Christian science fiction is a subgenre of both Christian literature and science fiction, in which there are strong Christian themes, or which are written from a Christian point of view. These themes may be subtle, expressed by way of analogy, or more explicit. Major influences include early science fiction authors such as C. S. Lewis, while more recent figures include Stephen Lawhead.

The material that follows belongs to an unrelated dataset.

(* Let $\boldsymbol{A}\in\mathsf{PSL}$ be finite and $\Phi$ a Sahlqvist quasiequation in the language $\{\land,\lnot,0,1\}$ of $\mathsf{PSL}$. If $\boldsymbol{A}$ validates $\Phi$, then $\boldsymbol{A}^+$ validates $\Phi$.
   Context: $\mathsf{PSL}$: algebras $\langle A;\land,\lnot,0,1\rangle$, $\langle A;\land\rangle$ a semilattice (order $a\le b$ iff $a\land b=a$) with minimum $0$, maximum $1$, and $c\land a=0\iff c\le\lnot a$. Join irreducible element: not the minimum, and whenever $a=b\lor c$ with the join existing, $a=b$ or $a=c$; $\mathsf{J}(\boldsymbol{A})$ is the poset of join irreducibles. For finite $\boldsymbol{A}$, $\boldsymbol{A}^+=\langle\mathsf{Dw}(\mathsf{J}(\boldsymbol{A}));\cap,\lnot,\emptyset,\mathsf{J}(\boldsymbol{A})\rangle$ with $\mathsf{Dw}$ the downsets and $\lnot D=\{a\in\mathsf{J}(\boldsymbol{A}):D\cap{\downarrow}a=\emptyset\}$. Sahlqvist quasiequations: formulas over variables with $\land,\lor,\to,\lnot,0,1$; an occurrence of a variable is positive (negative) if the number of negations and antecedents of implications in whose scope it lies is even (odd); a formula is positive (negative) if all its variable occurrences are. A Sahlqvist antecedent is built from variables, negative formulas, $0,1$ using only $\land,\lor$. A Sahlqvist implication is a positive formula, or $\lnot\varphi$ with $\varphi$ a Sahlqvist antecedent, or $\varphi\to\psi$ with $\varphi$ a Sahlqvist antecedent and $\psi$ positive. A Sahlqvist quasiequation is $\varphi_1\land y\le z\,\&\cdots\&\,\varphi_n\land y\le z\Longrightarrow y\le z$ (universally quantified), $y,z$ distinct variables not in the $\varphi_i$, each $\varphi_i$ built from Sahlqvist implications using only $\land,\lor$, and $a\le b$ meaning $a\land b\approx a$. It is in the language of $\mathsf{PSL}$ if only $\land,\lnot,0,1$ occur. *)

theory Defs
  imports Main
begin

The term is not usually applied to works simply because most or all of the characters are Christian, or simply because the author is Christian.

==Influences==

While earlier works such as Victor Rousseau's The Messiah of the Cylinder (1917) are regarded as part of the Christian science fiction subgenre, John Mort argues that the most influential Christian science fiction author was C. S. Lewis, a "prolific writer who wrote works of Christian science fiction and theology for the average person." In When World Views Collide: A Study in Imagination and Evolution, John J. Pierce presents the argument that Lewis was partially writing in response to what Lewis saw as "Wellsianity" - an "anthropocentric evolutionary mythology" - which he came to view as both false and blasphemous, condemning H. G. Wells' world view through works such as Out of the Silent Planet. While the extent to which Lewis' influence varies, Mort points in particular to Madeleine L'Engle's A Wrinkle in Time as a Christian science fiction work which, as he puts it, cannot be read "without being reminded of Lewis' Narnia stories." (Of course, Narnia was fantasy rather than science fiction, but Mort is noting the similarities in style and execution of the story.) Other early authors identified by Mort as being influences upon the development of Christian science fiction include J. R. R. Tolkien, George MacDonald and Charles Williams. (Although, again, these writers worked in fantasy, their influence on Christian science fiction is clear, Mort argues.)

==Notable authors==
The following is a list of notable writers of Christian science fiction:
- C. S. Lewis, whose The Space Trilogy is regarded as one of the most influential works in the subgenre.
- Stephen Lawhead, although he is better known for his fantasy novels than his science fiction works.
- Madeleine L'Engle, especially in regard to her novel A Wrinkle in Time and its sequels, first published in 1962.
- Walker Percy with his Christian science fiction work Love in the Ruins.
- Kathy Tyers, author of the Firebird series.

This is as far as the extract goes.